My love affair with Apple going back decades made my decision to buy their more recent iOS additions that much easier since they integrate so well. Apple is the only computer company that creates all of its own hardware and software; they control the entire package. Personal computers are a mishmash of parts and pieces from different sources. Hardware from one company, software from another. By contrast, many modern smartphone and computer makers get hardware from one place, and an operating system from another. When you live in the Apple ecosystem, you make a deal with Apple: I’ll pay you, and in exchange, you make sure everything plays nicely together. Google doesn’t seem capable of  providing that kind of tightly integrated experience.

What Apple does best is remember that technology only exists to serve its users, and goes far beyond a list of features and hardware specs. And that’s why Apple will continue to drive the future of computing, regardless of whether Google and others end up winning the numbers game. Apple has a lot of discerning customers. People who are perfectly well aware of the alternatives, know full well how the prices of competitor products compare and have made a choice to pay a premium price for a superior product. I am one of those people.

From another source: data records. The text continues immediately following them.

theorem proposition2p4:
  fixes P :: "'a poset" and bt tp :: 'a
  assumes "graded_bounded_poset P bt tp"
  shows
   "(\<forall>x y x' y'. x \<in> fst P - {bt, tp} \<longrightarrow> y \<in> fst P - {bt, tp} \<longrightarrow> covers P x y \<longrightarrow>
        x' \<notin> fst P \<longrightarrow> y' \<notin> fst P \<longrightarrow> x' \<noteq> y' \<longrightarrow>
        zip_poset (unzip P x y x' y') x' y' y = P)
    \<and> (\<forall>x y z. x \<in> fst P - {bt, tp} \<longrightarrow> y \<in> fst P - {bt, tp} \<longrightarrow> z \<in> fst P - {bt, tp} \<longrightarrow>
        zip_hyp P x y z \<longrightarrow>
        order_complex (zip_poset P x y z) bt tp
          = edge_contract (edge_contract (order_complex P bt tp) y x) x z)
    \<and> (\<forall>x y x' y'. x \<in> fst P - {bt, tp} \<longrightarrow> y \<in> fst P - {bt, tp} \<longrightarrow> covers P x y \<longrightarrow>
        x' \<notin> fst P \<longrightarrow> y' \<notin> fst P \<longrightarrow> x' \<noteq> y' \<longrightarrow>
        order_complex (unzip P x y x' y') bt tp
          = edge_subdiv (edge_subdiv (order_complex P bt tp) x y x') x x' y')"
proof -
  have poset: "is_poset P" and finite: "finite (fst P)" and bounds: "bt \<in> fst P" "tp \<in> fst P"
    using assms unfolding graded_bounded_poset_def by auto
  have unzip: "unzip_setting P x y x' y'"
    if "covers P x y" "x' \<notin> fst P" "y' \<notin> fst P" "x' \<noteq> y'" for x y x' y'
    using poset finite that by (rule unzip_setting.intro)
  have zip: "zip_setting P x y z" if "zip_hyp P x y z" for x y z
    using poset finite that by (rule zip_setting.intro)
  show ?thesis
  proof (intro conjI allI impI)
    fix x y x' y'
    assume "covers P x y" "x' \<notin> fst P" "y' \<notin> fst P" "x' \<noteq> y'"
    then show "zip_poset (unzip P x y x' y') x' y' y = P"
      by (rule unzip_setting.zip_unzip[OF unzip])
  next
    fix x y z
    assume "x \<in> fst P - {bt, tp}" "y \<in> fst P - {bt, tp}" "z \<in> fst P - {bt, tp}" "zip_hyp P x y z"
    then show "order_complex (zip_poset P x y z) bt tp
      = edge_contract (edge_contract (order_complex P bt tp) y x) x z"
      using zip_setting.order_complex_zip_poset[OF zip] by blast
  next
    fix x y x' y'
    assume "x \<in> fst P - {bt, tp}" "y \<in> fst P - {bt, tp}"
      and "covers P x y" "x' \<notin> fst P" "y' \<notin> fst P" "x' \<noteq> y'"
    then show "order_complex (unzip P x y x' y') bt tp
      = edge_subdiv (edge_subdiv (order_complex P bt tp) x y x') x x' y'"
      using unzip_setting.order_complex_unzip[OF unzip] bounds by blast
  qed
qed

end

I also really like Apple as a company. The reason the products are so good is precisely because Apple has strong values around quality, attention to detail and refusal to compromise. I love the fact that Apple concentrates on doing a small number of things very well, and doesn’t do what most companies in its position would do and slap an Apple logo on everything from baseball caps to cars.

So are you allowed to be patriotic and proud that Apple is an American company? You are damn right you are. No other American company so beautifully manages to garner such worldwide acclaim, fame and envy. No other company encapsulates the American spirit and pride so magnificently. Not only can you feel pride that Apple is an American company, you should feel pride in that fact. Apple has proven that American companies can not only compete with anyone but dominate their market and set the gold standard in quality while still being profitable.